## EXERCISE AIM
Somewhere below is a line with "obtain BS where" and, later, a line with "using basis_exists[of DT]"; repeat those two lines and all the lines between them, exactly as they are.

## AVAILABLE DATA
subsection \<open>Standard simplices\<close>

lemma scaleR_image_set_plus_convex:
  fixes G :: "'a::real_vector set"
  assumes "convex G" "s \<ge> 0" "t \<ge> 0"
  shows "(\<lambda>y. s *\<^sub>R y) ` G + (\<lambda>y. t *\<^sub>R y) ` G = (\<lambda>y. (s + t) *\<^sub>R y) ` G"
proof
  show "(\<lambda>y. s *\<^sub>R y) ` G + (\<lambda>y. t *\<^sub>R y) ` G \<subseteq> (\<lambda>y. (s + t) *\<^sub>R y) ` G"
  proof
    fix z assume "z \<in> (\<lambda>y. s *\<^sub>R y) ` G + (\<lambda>y. t *\<^sub>R y) ` G"
    then obtain y1 y2 where y: "y1 \<in> G" "y2 \<in> G" "z = s *\<^sub>R y1 + t *\<^sub>R y2"
      by (auto elim!: set_plus_elim)
    show "z \<in> (\<lambda>y. (s + t) *\<^sub>R y) ` G"
    proof (cases "s + t = 0")
      case True
      then have "s = 0" "t = 0" using assms(2,3) by linarith+
      then show ?thesis using y by (auto simp: image_iff)
    next
      case False
      then have pos: "s + t > 0" using assms(2,3) by linarith
      have "(s / (s + t)) *\<^sub>R y1 + (t / (s + t)) *\<^sub>R y2 \<in> G"
        using convexD[OF assms(1) y(1,2)] assms(2,3) pos by (simp add: add_divide_distrib[symmetric])
      moreover have "(s + t) *\<^sub>R ((s / (s + t)) *\<^sub>R y1 + (t / (s + t)) *\<^sub>R y2) = z"
        using pos unfolding y(3) by (simp add: scaleR_add_right)
      ultimately show ?thesis by (metis image_eqI)
    qed
  qed
  show "(\<lambda>y. (s + t) *\<^sub>R y) ` G \<subseteq> (\<lambda>y. s *\<^sub>R y) ` G + (\<lambda>y. t *\<^sub>R y) ` G"
    by (auto simp: scaleR_add_left intro!: set_plus_intro)
qed

lemma std_simplex_eq_scaleR: "std_simplex n = (\<lambda>y. real n *\<^sub>R y) ` (convex hull (insert 0 Basis))"
proof -
  have "insert 0 ((\<lambda>i. real n *\<^sub>R axis i 1) ` UNIV)
      = (\<lambda>y. real n *\<^sub>R y) ` insert (0::real^3) ((\<lambda>i. axis i 1) ` UNIV)"
    by (simp add: image_image)
  moreover have "(\<lambda>i. axis i 1) ` UNIV = (Basis :: (real^3) set)"
    by (auto simp: Basis_vec_def)
  ultimately show ?thesis unfolding std_simplex_def by (simp only: convex_hull_scaling)
qed

lemma measure_std_simplex: "measure lebesgue (std_simplex n) = real n ^ 3 / 6"
proof -
  have "convex hull (insert 0 Basis) \<in> sets (lborel :: (real^3) measure)"
    unfolding sets_lborel by (intro borel_closed compact_imp_closed finite_imp_compact_convex_hull) auto
  then have "measure lebesgue (convex hull (insert 0 Basis :: (real^3) set)) = 1 / fact DIM(real^3)"
    by (simp add: measure_completion content_std_simplex)
  moreover have "measure lebesgue ((\<lambda>y. real n *\<^sub>R y + 0) ` (convex hull (insert 0 Basis :: (real^3) set)))
      = \<bar>real n\<bar> ^ DIM(real^3) * measure lebesgue (convex hull (insert 0 Basis :: (real^3) set))"
    by (rule measure_lebesgue_affine)
  ultimately show ?thesis unfolding std_simplex_eq_scaleR by (simp add: fact_numeral)
qed

lemma std_simplex_add: "std_simplex d + std_simplex e = std_simplex (d + e)"
  unfolding std_simplex_eq_scaleR of_nat_add
  by (rule scaleR_image_set_plus_convex) simp_all

subsection \<open>Transversal intersections of two surfaces\<close>

lemma exists_common_normal:
  fixes S T :: "'a::euclidean_space set"
  assumes "S \<noteq> {}" "T \<noteq> {}" "aff_dim S + aff_dim T < DIM('a)"
  shows "\<exists>v. v \<noteq> 0 \<and> (\<forall>a\<in>S. \<forall>a'\<in>S. inner a v = inner a' v) \<and> (\<forall>b\<in>T. \<forall>b'\<in>T. inner b v = inner b' v)"
proof -
  obtain a0 b0 where a0: "a0 \<in> S" and b0: "b0 \<in> T" using assms(1,2) by blast
  define DS where "DS = (+) (- a0) ` S"
  define DT where "DT = (+) (- b0) ` T"
  obtain BS where BS: "DS \<subseteq> span BS" "card BS = dim DS" "finite BS"
    using basis_exists[of DS] by (metis independent_imp_finite)
  obtain BT where BT: "DT \<subseteq> span BT" "card BT = dim DT" "finite BT"
    using basis_exists[of DT] by (metis independent_imp_finite)
  have "DS \<union> DT \<subseteq> span (BS \<union> BT)"
    using BS(1) BT(1) span_mono[of BS "BS \<union> BT"] span_mono[of BT "BS \<union> BT"] by blast
  then have "dim (DS \<union> DT) \<le> card (BS \<union> BT)" using BS(3) BT(3) by (intro dim_le_card) auto
  also have "\<dots> \<le> card BS + card BT" by (rule card_Un_le)
  also have "int \<dots> = aff_dim S + aff_dim T"
    using BS(2) BT(2) aff_dim_eq_dim[OF hull_inc[OF a0]] aff_dim_eq_dim[OF hull_inc[OF b0]]
    unfolding DS_def DT_def by simp
  finally have "dim (DS \<union> DT) < DIM('a)" using assms(3) by linarith
  then obtain v where v: "v \<noteq> 0" "span (DS \<union> DT) \<subseteq> {x. v \<bullet> x = 0}"
    using lowdim_subset_hyperplane by blast
  have "inner a v = inner a0 v" if "a \<in> S" for a
  proof -
    have "- a0 + a \<in> span (DS \<union> DT)" unfolding DS_def using that by (simp add: span_base)
    then show ?thesis using v(2) by (auto simp: inner_commute inner_diff_right)
  qed
  moreover have "inner b v = inner b0 v" if "b \<in> T" for b
  proof -
    have "- b0 + b \<in> span (DS \<union> DT)" unfolding DT_def using that by (simp add: span_base)
    then show ?thesis using v(2) by (auto simp: inner_commute inner_diff_right)
  qed
  ultimately show ?thesis using v(1) by metis
qed

text \<open>Two dual edges in \<open>\<real>\<^sup>3\<close> have a common normal \<open>v\<close>; moving along \<open>v\<close> keeps both dual
  cells, so the point lies on a segment of the intersection curve.\<close>
lemma max_sets_of_dim_one_not_isolated:
  assumes A: "finite A" "A \<noteq> {}" and B: "finite B" "B \<noteq> {}"
    and dims: "aff_dim (max_set A lam x) = 1" "aff_dim (max_set B mu x) = 1"
  shows "\<exists>y. y \<noteq> x \<and> max_set A lam y = max_set A lam x \<and> max_set B mu y = max_set B mu x"
proof -
  have "\<exists>v. v \<noteq> 0 \<and> (\<forall>a\<in>max_set A lam x. \<forall>a'\<in>max_set A lam x. inner a v = inner a' v)
      \<and> (\<forall>b\<in>max_set B mu x. \<forall>b'\<in>max_set B mu x. inner b v = inner b' v)"
    by (rule exists_common_normal) (simp_all add: max_set_nonempty A B dims)
  then obtain v where v: "v \<noteq> 0" "\<forall>a\<in>max_set A lam x. \<forall>a'\<in>max_set A lam x. inner a v = inner a' v"
      "\<forall>b\<in>max_set B mu x. \<forall>b'\<in>max_set B mu x. inner b v = inner b' v"
    by blast
  obtain a0 b0 where a0: "a0 \<in> max_set A lam x" and b0: "b0 \<in> max_set B mu x"
    using max_set_nonempty[OF A] max_set_nonempty[OF B] by blast
  obtain eA where eA: "eA > 0" "\<And>t. \<bar>t\<bar> < eA \<Longrightarrow> max_set A lam (x + t *\<^sub>R v) = max_set A lam x"
    using max_set_translate_eq[OF A, of lam x v "inner a0 v"] v(2) a0 by blast
  obtain eB where eB: "eB > 0" "\<And>t. \<bar>t\<bar> < eB \<Longrightarrow> max_set B mu (x + t *\<^sub>R v) = max_set B mu x"
    using max_set_translate_eq[OF B, of mu x v "inner b0 v"] v(3) b0 by blast
  define t where "t = min eA eB / 2"
  have "t > 0" "\<bar>t\<bar> < eA" "\<bar>t\<bar> < eB" unfolding t_def using eA(1) eB(1) by auto
  then show ?thesis using eA(2) eB(2) v(1) by (intro exI[of _ "x + t *\<^sub>R v"]) auto
qed

lemma singleton_plus_eq_translation:
  fixes a :: "'a::ab_semigroup_add"
  shows "{a} + S = (+) a ` S" and "S + {a} = (+) a ` S"
  by (simp_all add: translation_eq_singleton_plus add.commute[of S])

lemma measure_convex_hull_translation:
  fixes S :: "'a::euclidean_space set"
  shows "measure lebesgue (convex hull ((+) a ` S)) = measure lebesgue (convex hull S)"
  by (simp add: convex_hull_translation measure_translation)

lemma aff_dim_set_plus_ge:
  fixes S T :: "'a::euclidean_space set"
  assumes "T \<noteq> {}"
  shows "aff_dim S \<le> aff_dim (S + T)"
proof -
  obtain b where "b \<in> T" using assms by blast
  then have "(+) b ` S \<subseteq> S + T" by (auto simp: add.commute intro: set_plus_intro)
  then show ?thesis using aff_dim_subset aff_dim_translation_eq by metis
qed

## OUTPUT FOR THIS EXERCISE
  obtain BS where BS: "DS \<subseteq> span BS" "card BS = dim DS" "finite BS"
    using basis_exists[of DS] by (metis independent_imp_finite)
  obtain BT where BT: "DT \<subseteq> span BT" "card BT = dim DT" "finite BT"
    using basis_exists[of DT] by (metis independent_imp_finite)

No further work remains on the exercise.